Todos los hombres más o menos bien avenidos con la primera teta seguimos buscando tetas hasta el final. Pero por esas cosas del enigmático rechazo del placer que distingue nuestra cultura oscilante entre la represión evangélica y el desafuero pagano, entre la idolatría de la mujer y el repudio de lo femenino, pretendemos ocultar un pezón con el erizo de una estrella. Se comprendería, si les pusieran a las tetas el antifaz de un pétalo en el ojo del pezón. Una gota de liquidámbar, que suena tan bonito. O una perla, por duras que sean las perlas. Pero una estrella… no se lo traga nadie. Que brillen los pezones y apaguen esas inmamables estrellas. La gente no es pendeja. Todos al nacer lo primero que vimos no fue una estrella sino el globo pletórico de una teta con la corona de su pezón, un pecho blanco como un cielo de invierno, cálido y ubérrimo, surcado por estelas de nubes azules, a reventar, y en lo alto el manantial de una areola con su chorro de leche. Lo demás es engaño vil. Deberíamos dejarles las estrellas a los astrónomos, los horoscopistas y los reyes magos. No se entiende que una cultura hedonista como la nuestra, donde todas las mujeres andan con una teta al aire, o las dos, ya regaladas de naturaleza, ya adquiridas a precio de oro donde el cirujano plástico, y donde todo se vende apelando a la majestad de las tetas femeninas, los autos y las cuentas de ahorros, al mismo tiempo descienda a la trivialidad del timo que aspira a pasar una estrella por el pezón de una teta lisa.

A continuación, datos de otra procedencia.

lemma contr_ideal_pow_subset:
  assumes P: "primeideal P (poly_ring R)" and pi: "\<pi> \<in> carrier R" and contr: "contr R P = PIdl \<pi>"
    and t: "t \<ge> 1"
  shows "contr R (ideal_pow (poly_ring R) P t) \<subseteq> PIdl (\<pi> [^] t)"
proof
  interpret UP: domain "poly_ring R" by (rule poly_ring_domain)
  interpret P: primeideal P "poly_ring R" by (rule P)
  fix a assume "a \<in> contr R (ideal_pow (poly_ring R) P t)"
  then have a: "a \<in> carrier R" "poly_of_const a \<in> ideal_pow (poly_ring R) P t"
    unfolding contr_def by auto
  show "a \<in> PIdl (\<pi> [^] t)"
  proof (cases "\<pi> = \<zero>")
    case True
    obtain n where "t = Suc n" using t by (cases t) auto
    then have "a \<in> contr R P" using a UP.ideal_pow_Suc_subset[OF P.is_ideal] unfolding contr_def by blast
    then show ?thesis using contr True \<open>t = Suc n\<close> by simp
  next
    case False
    obtain f where f: "f \<in> carrier (poly_ring R)" "f = [] \<or> (lead_coeff f = \<one> \<and> degree f \<ge> 1)"
      and P_pair: "P \<subseteq> UP.pair_ideal (poly_of_const \<pi>) f"
      using primeideal_in_pair_ideal[OF P pi False contr] .
    have "ideal_pow (poly_ring R) P t \<subseteq> UP.pair_ideal (poly_of_const \<pi> [^]\<^bsub>poly_ring R\<^esub> t) f"
      by (rule UP.ideal_pow_subset_pair_ideal[OF poly_of_const_closed[OF pi] f(1) P_pair])
    then have "poly_of_const a \<in> UP.pair_ideal (poly_of_const (\<pi> [^] t)) f"
      using a(2) by (auto simp: ring_hom_ring.hom_nat_pow[OF poly_of_const_ring_hom pi])
    then show ?thesis using const_in_pair_ideal[OF a(1) _ f] pi by simp
  qed
qed

theorem primeideal_power_stable:
  assumes P: "primeideal P (poly_ring R)"
  shows "power_stable R P"
  unfolding power_stable_def
proof (intro allI impI)
  fix t :: nat assume t: "t \<ge> 1"
  obtain \<pi> where pi: "\<pi> \<in> carrier R" and contr: "contr R P = PIdl \<pi>"
    using exists_gen[OF primeideal.axioms(1)[OF contr_primeideal[OF P]]] by blast
  have "ideal_pow R (contr R P) t = PIdl (\<pi> [^] t)" using ideal_pow_cgenideal[OF pi] contr by simp
  moreover have "\<pi> \<in> contr R P" using cgenideal_self[OF pi] contr by simp
  ultimately show "contr R (ideal_pow (poly_ring R) P t) = ideal_pow R (contr R P) t"
    using cgenideal_pow_subset_contr[OF primeideal.axioms(1)[OF P]]
      contr_ideal_pow_subset[OF P pi contr t] by blast
qed

end

theorem corollary3p4:
  fixes R :: "('a, 'b) ring_scheme" and P :: "'a list set"
  assumes "principal_domain R"
    and "primeideal P (poly_ring R)"
  shows "power_stable R P"
  using principal_domain.primeideal_power_stable[OF assms] .

end
lemma fiber_eq_dvd_det:
  assumes "k > 0" "u \<in> Fverts" "phik k u = L"
  shows "{w \<in> Fverts. phik k w = L} = {w \<in> Fverts. k dvd det u w}"
proof -
  have "phik k w = L \<longleftrightarrow> k dvd det u w" if "w \<in> Fverts" for w
    using phik_eq_iff[OF assms(1,2) that] assms(3) by simp
  then show ?thesis by blast
qed

lemma exists_primitive_dvd_det:
  assumes "prime P" "k = P ^ l" "l > 0" "primitive_mod k v"
  obtains u where "primitive u" "k dvd det v u"
proof -
  obtain s t where st: "k dvd s * fst v + t * snd v - 1"
    using assms(4) by (auto simp: primitive_mod_def)
  have "P dvd k" using assms(2,3) by simp
  then have "P dvd s * fst v + t * snd v - 1" using st by (rule dvd_trans)
  moreover have "P dvd s * fst v + t * snd v" if "P dvd fst v" "P dvd snd v"
    using that by simp
  ultimately have "P dvd 1" if "P dvd fst v" "P dvd snd v"
    using that dvd_diff[of P "s * fst v + t * snd v" "s * fst v + t * snd v - 1"] by simp
  then have "\<not> P dvd fst v \<or> \<not> P dvd snd v"
    using \<open>prime P\<close> not_prime_unit by blast
  then show thesis
  proof
    assume "\<not> P dvd fst v"
    then have "coprime (fst v) k"
      unfolding assms(2) by (rule coprime_prime_power_if_not_dvd[OF assms(1)])
    then obtain c where c: "k dvd fst v * c - 1" by (auto simp: coprime_iff_exists_inverse_mod)
    have "det v (1, c * snd v) = snd v * (fst v * c - 1)"
      by (simp add: det_def algebra_simps)
    with c have "k dvd det v (1, c * snd v)" by simp
    then show thesis using that[of "(1, c * snd v)"] by (simp add: primitive_def)
  next
    assume "\<not> P dvd snd v"
    then have "coprime (snd v) k"
      unfolding assms(2) by (rule coprime_prime_power_if_not_dvd[OF assms(1)])
    then obtain c where c: "k dvd snd v * c - 1" by (auto simp: coprime_iff_exists_inverse_mod)
    have "det v (c * fst v, 1) = - fst v * (snd v * c - 1)"
      by (simp add: det_def algebra_simps)
    with c have "k dvd det v (c * fst v, 1)" by simp
    then show thesis using that[of "(c * fst v, 1)"] by (simp add: primitive_def)
  qed
qed

lemma phik_onto_Lk:
  assumes "prime P" "k = P ^ l" "l > 0" "L \<in> Lk k"
  obtains u where "u \<in> Fverts" "phik k u = L"
proof -
  have k: "k > 0" unfolding assms(2) using prime_gt_0_int[OF assms(1)] by simp
  obtain v where v: "admissible k v" "L = Lk_class k v"
    using assms(4) by (rule Lk_eq_Lk_class)
  then have pv: "primitive_mod k v" by (simp add: admissible_iff)
  obtain u where u: "primitive u" "k dvd det v u"
    using exists_primitive_dvd_det[OF assms(1-3) pv] by blast
  obtain u' where u': "u' \<in> Fverts" "k dvd det v u'"
  proof (cases rule: primitive_in_Fverts_or_uminus[OF u(1)])
    case 1
    with u(2) show thesis by (intro that)
  next
    case 2
    with u(2) show thesis by (intro that[of "- u"]) simp_all
  qed
  then have "phik k u' = Lk_class k v"
    using k pv by (simp add: phik_eq_Lk_class Fverts_primitive primitive_imp_primitive_mod
        Lk_class_eq_iff dvd_det_commute[of k u' v])
  with u'(1) v(2) show thesis by (intro that) simp_all
qed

Las tetas son un tema para un discurso largo. Sobre las diferencias que separan las apariencias y la realidad y los hilos sutiles que las unen. Y donde es preciso recordar al filósofo amigo mío que observó que las tetas son lo que primero se pudre. Y las mustias tetas de mi abuela que parecían calabazos, y obedecían con la devoción característica de la vieja a las leyes de la gravedad. Y aun, las de ciertos varones registrados por la historia que en la desesperación de la viudez se vieron obligados a amamantar unos huérfanos de madre, con las prolongaciones hirsutas de unas tetas más hormonadas que de costumbre.

En mi libro Prosa incompleta, los lectores encontrarán información suficiente acerca de estos caballeros suculentos que admiraron a Aristóteles y Humboldt. Capaces de producir bastante leche para fabricarse un buen queso.